In our global economy we can choose from a huge range of products. Whether we’re shopping for a small household item or making a serious investment for our business our options can be overwhelming. But how to tell the difference between good quality products from reputable suppliers and cheap knock offs that will fall apart in a few weeks? Anyone can create a convincing website these days!

This is a problem our customers face on a daily basis when researching interlocking tiles. We’ve created this checklist to help identify an interlocking tile you can rely on. Choosing the wrong tile could cost you money and put your employees’ health at risk.

Ask to see the product

The most important thing to do is get full size samples of the tiles you’re considering for comparison. You’ll immediately want to throw a few of them away because they smell so awful. Unscrupulous manufacturers will use plastic that is contaminated with dangerous chemicals because it’s cheap and plentiful. Poor quality material will produce tiles that shrink or deform over time. Furthermore, the smell given off from these tiles can cause serious health problems so you should avoid them at all costs. To be on the safe side you should ask for evidence that the tiles are made from REACH compliant PVC and check what their BREAM rating is.
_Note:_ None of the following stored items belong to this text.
(* Let $W$ be any matrix and $A$ any full rank matrix with the same number of columns as $W$, and let $D$ be a square diagonal matrix (with as many rows as $A$) all of whose diagonal entries are at least $1$. Then $\|W(DA)^+\|_F\le\|WA^+\|_F$.
   Context: $M^+$ denotes the Moore–Penrose pseudo-inverse of $M$ and $\|\cdot\|_F$ the Frobenius norm. *)

theory Defs
  imports "HOL-Analysis.Analysis"
begin

text \<open>Moore--Penrose pseudo-inverse of a real matrix: the unique matrix X satisfying the
  four Penrose conditions (for real matrices the conjugate transpose is the transpose).\<close>
definition pinv :: "real^'n^'m \<Rightarrow> real^'m^'n" where
  "pinv A = (THE X. A ** X ** A = A \<and> X ** A ** X = X \<and>
                    transpose (A ** X) = A ** X \<and> transpose (X ** A) = X ** A)"

definition frob_norm :: "real^'n^'m \<Rightarrow> real" where
  "frob_norm M = sqrt (\<Sum>i\<in>UNIV. \<Sum>j\<in>UNIV. (M $ i $ j)\<^sup>2)"

definition full_rank :: "real^'n^'m \<Rightarrow> bool" where
  "full_rank A \<longleftrightarrow> rank A = min CARD('m) CARD('n)"

end

theory Submission
  imports Defs
begin

text \<open>Write \<open>E = D\<^sup>-\<^sup>1\<close>, a diagonal matrix with entries in \<open>(0, 1]\<close>; right multiplication by
  \<open>E\<close>, like right multiplication by an orthogonal projection, does not increase the Frobenius
  norm. If \<open>A\<close> has full row rank, then \<open>(DA)\<^sup>+ = A\<^sup>+E\<close>. If \<open>A\<close> has full column rank, then
  \<open>A\<^sup>+A = 1\<close>, hence \<open>(DA)\<^sup>+ = A\<^sup>+E (DA)(DA)\<^sup>+\<close>, and \<open>(DA)(DA)\<^sup>+\<close> is an orthogonal projection.
  In both cases \<open>\<parallel>W(DA)\<^sup>+\<parallel> \<le> \<parallel>WA\<^sup>+E\<parallel> \<le> \<parallel>WA\<^sup>+\<parallel>\<close>.\<close>

definition penrose :: "real^'n^'m \<Rightarrow> real^'m^'n \<Rightarrow> bool" where
  "penrose A X \<longleftrightarrow> A ** X ** A = A \<and> X ** A ** X = X \<and>
                    transpose (A ** X) = A ** X \<and> transpose (X ** A) = X ** A"

lemma penrose_unique:
  assumes X: "penrose A X" and Y: "penrose A Y"
  shows "Y = X"
proof -
  have x1: "A ** X ** A = A" and x2: "X ** A ** X = X" and x3: "transpose (A ** X) = A ** X"
    and x4: "transpose (X ** A) = X ** A" using X unfolding penrose_def by auto
  have y1: "A ** Y ** A = A" and y2: "Y ** A ** Y = Y" and y3: "transpose (A ** Y) = A ** Y"
    and y4: "transpose (Y ** A) = Y ** A" using Y unfolding penrose_def by auto
  have "X = X ** transpose (A ** X)" using x2 x3 by (simp add: matrix_mul_assoc)
  also have "\<dots> = X ** transpose (A ** Y ** A ** X)" using y1 by simp
  also have "\<dots> = X ** A ** X ** A ** Y"
    using x3 y3 by (simp add: matrix_transpose_mul matrix_mul_assoc)
  finally have X_eq: "X = X ** A ** Y" using x2 by simp
  have "Y = transpose (Y ** A) ** Y" using y2 y4 by simp
  also have "\<dots> = transpose (Y ** (A ** X ** A)) ** Y" using x1 by (simp add: matrix_mul_assoc)
  also have "\<dots> = X ** A ** (Y ** A ** Y)"
    using x4 y4 by (simp add: matrix_transpose_mul matrix_mul_assoc)
  finally show ?thesis using X_eq y2 by simp
qed

lemma pinv_eqI:
  assumes "penrose A X"
  shows "pinv A = X"
proof -
  have "(THE X. penrose A X) = X"
    using assms penrose_unique by (intro the_equality) blast+
  then show ?thesis unfolding pinv_def penrose_def by simp
qed

lemma penrose_transpose:
  assumes "penrose A X"
  shows "penrose (transpose A) (transpose X)"
proof -
  have "transpose A ** transpose X ** transpose A = transpose (A ** X ** A)"
    and "transpose X ** transpose A ** transpose X = transpose (X ** A ** X)"
    and "transpose A ** transpose X = transpose (X ** A)"
    and "transpose X ** transpose A = transpose (A ** X)"
    by (simp_all add: matrix_transpose_mul matrix_mul_assoc)
  with assms show ?thesis unfolding penrose_def by simp
qed

lemma gram_matrix_invertible:
  fixes A :: "real^'n^'m"
  assumes "inj ((*v) A)"
  obtains B where "B ** (transpose A ** A) = mat 1" "(transpose A ** A) ** B = mat 1"
proof -
  have "x = 0" if "(transpose A ** A) *v x = 0" for x
  proof -
    have "(A *v x) \<bullet> (A *v x) = x \<bullet> ((transpose A ** A) *v x)"
      by (metis dot_lmul_matrix matrix_vector_mul_assoc vector_transpose_matrix)
    then have "A *v x = 0" using that by simp
    then show "x = 0" using assms by (metis injD matrix_vector_mult_0_right)
  qed
  then obtain B where "B ** (transpose A ** A) = mat 1"
    using matrix_left_invertible_ker by blast
  then show ?thesis using that matrix_left_right_inverse by blast
qed

lemma inverse_of_symmetric_is_symmetric:
  fixes G B :: "real^'n^'n"
  assumes "transpose G = G" "B ** G = mat 1" "G ** B = mat 1"
  shows "transpose B = B"
proof -
  have "transpose B ** G = mat 1" using assms by (metis matrix_transpose_mul transpose_mat)
  then have "transpose B ** G ** B = B" by simp
  then show ?thesis using assms(3) by (simp add: matrix_mul_assoc [symmetric])
qed

lemma penrose_pinv_of_inj:
  fixes A :: "real^'n^'m"
  assumes "inj ((*v) A)"
  shows "penrose A (pinv A)" and "pinv A ** A = mat 1"
proof -
  obtain B where B_left: "B ** (transpose A ** A) = mat 1"
    and B_right: "(transpose A ** A) ** B = mat 1"
    using gram_matrix_invertible [OF assms] by blast
  have B_sym: "transpose B = B"
    by (rule inverse_of_symmetric_is_symmetric [OF _ B_left B_right]) (simp add: matrix_transpose_mul)
  define X where "X = B ** transpose A"
  have XA: "X ** A = mat 1" using B_left unfolding X_def by (simp add: matrix_mul_assoc)
  have "penrose A X" unfolding penrose_def
  proof (intro conjI)
    show "A ** X ** A = A" using XA by (simp add: matrix_mul_assoc [symmetric])
    show "X ** A ** X = X" using XA by simp
    show "transpose (A ** X) = A ** X"
      unfolding X_def using B_sym by (simp add: matrix_transpose_mul matrix_mul_assoc)
    show "transpose (X ** A) = X ** A" using XA by simp
  qed
  with XA show "penrose A (pinv A)" and "pinv A ** A = mat 1" by (simp_all add: pinv_eqI)
qed

lemma penrose_pinv_of_inj_transpose:
  fixes A :: "real^'n^'m"
  assumes "inj ((*v) (transpose A))"
  shows "penrose A (pinv A)" and "A ** pinv A = mat 1"
proof -
  let ?X = "transpose (pinv (transpose A))"
  have "penrose A ?X"
    using penrose_transpose [OF penrose_pinv_of_inj(1) [OF assms]] by simp
  then have pinv_A: "pinv A = ?X" by (rule pinv_eqI)
  with \<open>penrose A ?X\<close> show "penrose A (pinv A)" by simp
  have "A ** ?X = transpose (pinv (transpose A) ** transpose A)"
    by (simp add: matrix_transpose_mul)
  with pinv_A show "A ** pinv A = mat 1" by (simp add: penrose_pinv_of_inj(2) [OF assms])
qed

lemma pinv_invertible_mult_of_inj_transpose:
  assumes "inj ((*v) (transpose A))" "E ** D = mat 1" "D ** E = mat 1"
  shows "pinv (D ** A) = pinv A ** E"
proof (rule pinv_eqI)
  have A_pinv: "A ** pinv A = mat 1" and pinv_A_sym: "transpose (pinv A ** A) = pinv A ** A"
    and pinv_A_pinv: "pinv A ** A ** pinv A = pinv A"
    using penrose_pinv_of_inj_transpose [OF assms(1)] unfolding penrose_def by auto
  have right_inv: "D ** A ** (pinv A ** E) = mat 1"
    using A_pinv assms(3) by (metis matrix_mul_assoc matrix_mul_rid)
  have left_prod: "pinv A ** E ** (D ** A) = pinv A ** A"
    using assms(2) by (metis matrix_mul_assoc matrix_mul_lid)
  show "penrose (D ** A) (pinv A ** E)"
    unfolding penrose_def
  proof (intro conjI)
    show "D ** A ** (pinv A ** E) ** (D ** A) = D ** A"
      using right_inv by simp
    show "pinv A ** E ** (D ** A) ** (pinv A ** E) = pinv A ** E"
      using left_prod pinv_A_pinv by (simp add: matrix_mul_assoc)
    show "transpose (D ** A ** (pinv A ** E)) = D ** A ** (pinv A ** E)"
      using right_inv by simp
    show "transpose (pinv A ** E ** (D ** A)) = pinv A ** E ** (D ** A)"
      using left_prod pinv_A_sym by simp
  qed
qed

lemma pinv_invertible_mult_of_inj:
  assumes "inj ((*v) A)" "E ** D = mat 1"
  shows "pinv (D ** A) = pinv A ** E ** (D ** A ** pinv (D ** A))"
proof -
  have "pinv (D ** A) = pinv A ** A ** pinv (D ** A)"
    using penrose_pinv_of_inj(2) [OF assms(1)] by simp
  also have "\<dots> = pinv A ** (E ** D) ** A ** pinv (D ** A)" using assms(2) by simp
  finally show ?thesis by (simp add: matrix_mul_assoc)
qed

lemma inj_invertible_mult:
  assumes "inj ((*v) A)" "E ** D = mat 1"
  shows "inj ((*v) (D ** A))"
proof (rule injI)
  fix x y
  assume "(D ** A) *v x = (D ** A) *v y"
  then have "(E ** D ** A) *v x = (E ** D ** A) *v y"
    by (metis matrix_mul_assoc matrix_vector_mul_assoc)
  then show "x = y" using assms by (simp add: inj_eq)
qed

lemma penrose_projection:
  assumes "penrose A X"
  shows "transpose (A ** X) = A ** X" and "(A ** X) ** (A ** X) = A ** X"
  using assms unfolding penrose_def by (simp_all add: matrix_mul_assoc)

lemma frob_norm_rows: "frob_norm M = sqrt (\<Sum>i\<in>UNIV. M $ i \<bullet> M $ i)"
  unfolding frob_norm_def inner_vec_def by (simp add: power2_eq_square)

lemma row_matrix_mult: "(Z ** P) $ i = Z $ i v* P"
  by (simp add: matrix_matrix_mult_def vector_matrix_mult_def vec_eq_iff mult.commute)

lemma inner_vector_mult_projection_le:
  fixes P :: "real^'m^'m" and z :: "real^'m"
  assumes "transpose P = P" "P ** P = P"
  shows "(z v* P) \<bullet> (z v* P) \<le> z \<bullet> z"
proof -
  have z_P: "z v* P = P *v z" using assms(1) by (metis vector_transpose_matrix)
  have "(P *v z) \<bullet> (P *v z) = ((P *v z) v* P) \<bullet> z"
    by (rule dot_lmul_matrix [symmetric])
  also have "\<dots> = (P *v z) \<bullet> z"
    using assms by (metis vector_transpose_matrix matrix_vector_mul_assoc)
  finally have "(P *v z) \<bullet> (P *v z) = (P *v z) \<bullet> z" .
  moreover have "0 \<le> (z - P *v z) \<bullet> (z - P *v z)" by simp
  ultimately show ?thesis
    using z_P by (simp add: inner_diff_left inner_diff_right inner_commute)
qed

lemma frob_norm_mult_projection_le:
  fixes P :: "real^'m^'m" and Z :: "real^'m^'p"
  assumes "transpose P = P" "P ** P = P"
  shows "frob_norm (Z ** P) \<le> frob_norm Z"
  unfolding frob_norm_rows row_matrix_mult
  by (intro real_sqrt_le_mono sum_mono inner_vector_mult_projection_le assms)

lemma diagonal_matrix_mult_nth:
  fixes D :: "'a::comm_semiring_1^'m^'m"
  assumes "\<And>i j. i \<noteq> j \<Longrightarrow> D $ i $ j = 0"
  shows "(D ** M) $ i $ j = D $ i $ i * M $ i $ j"
proof -
  have "(\<Sum>k\<in>UNIV. D $ i $ k * M $ k $ j) = (\<Sum>k\<in>UNIV. if k = i then D $ i $ i * M $ i $ j else 0)"
    by (rule sum.cong) (auto simp: assms)
  then show ?thesis by (simp add: matrix_matrix_mult_def)
qed

lemma matrix_mult_diagonal_nth:
  fixes D :: "'a::comm_semiring_1^'m^'m"
  assumes "\<And>i j. i \<noteq> j \<Longrightarrow> D $ i $ j = 0"
  shows "(M ** D) $ i $ j = M $ i $ j * D $ j $ j"
proof -
  have "(\<Sum>k\<in>UNIV. M $ i $ k * D $ k $ j) = (\<Sum>k\<in>UNIV. if k = j then M $ i $ j * D $ j $ j else 0)"
    by (rule sum.cong) (auto simp: assms)
  then show ?thesis by (simp add: matrix_matrix_mult_def)
qed

lemma frob_norm_mult_diagonal_le:
  fixes E :: "real^'m^'m" and Z :: "real^'m^'p"
  assumes "\<And>i j. i \<noteq> j \<Longrightarrow> E $ i $ j = 0" "\<And>j. \<bar>E $ j $ j\<bar> \<le> 1"
  shows "frob_norm (Z ** E) \<le> frob_norm Z"
proof -
  have "((Z ** E) $ i $ j)\<^sup>2 \<le> (Z $ i $ j)\<^sup>2" for i j
  proof -
    have "(E $ j $ j)\<^sup>2 \<le> 1"
      using assms(2) [of j] by (metis abs_ge_zero power2_abs power_le_one)
    then show ?thesis
      by (simp add: matrix_mult_diagonal_nth assms(1) power_mult_distrib mult_left_le)
  qed
  then show ?thesis
    unfolding frob_norm_def by (intro real_sqrt_le_mono sum_mono)
qed

lemma diagonal_inverse:
  fixes D :: "'a::field^'m^'m"
  assumes "\<And>i j. i \<noteq> j \<Longrightarrow> D $ i $ j = 0" "\<And>i. D $ i $ i \<noteq> 0"
  defines "E \<equiv> \<chi> i j. if i = j then inverse (D $ i $ i) else 0"
  shows "E ** D = mat 1" and "D ** E = mat 1"
proof -
  have E_diagonal: "\<And>i j. i \<noteq> j \<Longrightarrow> E $ i $ j = 0" unfolding E_def by simp
  show "E ** D = mat 1" "D ** E = mat 1"
    using assms by (auto simp: vec_eq_iff mat_def E_def E_diagonal
        diagonal_matrix_mult_nth matrix_mult_diagonal_nth)
qed

lemma frob_norm_mult_pinv_invertible_mult_le:
  fixes W :: "real^'n^'p" and A :: "real^'n^'m" and D E :: "real^'m^'m"
  assumes "full_rank A" "E ** D = mat 1" "D ** E = mat 1"
  shows "frob_norm (W ** pinv (D ** A)) \<le> frob_norm (W ** pinv A ** E)"
proof (cases "CARD('n) \<le> CARD('m)")
  case True
  then have inj_A: "inj ((*v) A)"
    using assms(1) full_rank_injective unfolding full_rank_def by fastforce
  note projection = penrose_projection
      [OF penrose_pinv_of_inj(1) [OF inj_invertible_mult [OF inj_A assms(2)]]]
  show ?thesis
    using pinv_invertible_mult_of_inj [OF inj_A assms(2)] frob_norm_mult_projection_le [OF projection]
    by (metis matrix_mul_assoc)
next
  case False
  then have "rank (transpose A) = CARD('m)"
    using assms(1) unfolding full_rank_def by (simp add: rank_transpose)
  then have "inj ((*v) (transpose A))" by (simp add: full_rank_injective)
  then show ?thesis
    by (simp add: pinv_invertible_mult_of_inj_transpose [OF _ assms(2,3)] matrix_mul_assoc)
qed

theorem mainTheorem6:
  fixes W :: "real^'n^'p" and A :: "real^'n^'m" and D :: "real^'m^'m"
  assumes "full_rank A"
    and "\<And>i j. i \<noteq> j \<Longrightarrow> D $ i $ j = 0"
    and "\<And>i. D $ i $ i \<ge> 1"
  shows "frob_norm (W ** pinv (D ** A)) \<le> frob_norm (W ** pinv A)"
proof -
  define E :: "real^'m^'m" where "E = (\<chi> i j. if i = j then inverse (D $ i $ i) else 0)"
  have E_diagonal: "\<And>i j. i \<noteq> j \<Longrightarrow> E $ i $ j = 0" unfolding E_def by simp
  have E_contracts: "\<bar>E $ j $ j\<bar> \<le> 1" for j
    using assms(3) [of j] unfolding E_def by (simp add: inverse_le_1_iff)
  have D_nonzero: "D $ i $ i \<noteq> 0" for i
    using assms(3) [of i] by simp
  have ED: "E ** D = mat 1"
    unfolding E_def by (rule diagonal_inverse(1)) (simp_all add: assms(2) D_nonzero)
  have DE: "D ** E = mat 1"
    unfolding E_def by (rule diagonal_inverse(2)) (simp_all add: assms(2) D_nonzero)
  have "frob_norm (W ** pinv (D ** A)) \<le> frob_norm (W ** pinv A ** E)"
    using frob_norm_mult_pinv_invertible_mult_le [OF assms(1) ED DE] .
  also have "\<dots> \<le> frob_norm (W ** pinv A)"
    by (rule frob_norm_mult_diagonal_le [OF E_diagonal E_contracts])
  finally show ?thesis .
qed

end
https://www.ecotileflooring.com/storage/2020/08/BREEAM-Ecotile.pdf

Manufacturing quality

The sample tiles will also allow you to check the quality of the manufacturing process. Do the joints connect tightly? When you knock them together there should be some resistance but you shouldn’t have to do it more than once. The joints should be tight and secure and the tiles will stay locked together even when you lift them off the ground. There should be no excess plastic (flash) around the joints which indicate that the mould needs replacing.

What does the tile look like when you cut it down the middle? Another common way of skimping on PVC is to use cheap fillers such as chalk so you will see a layer of white running through it. The colour of a good quality tile will be consistent right the way through and this is very important if you are using oils and chemicals. Once the chalk starts to absorb any liquids in the area they will deform and pull apart so you will have to replace your entire floor which is expensive and time consuming.

The proof is out there

Once you’ve narrowed down the choice of tiles with these physical tests you can check the manufacturer has the required accreditations to give you peace of mind. Make sure you ask to see the following test certificates that prove you’re dealing with a reputable supplier;

https://www.ecotileflooring.com/storage/2020/06/9001-Ecotile-Exp-02082022.pdf (ISO:9001)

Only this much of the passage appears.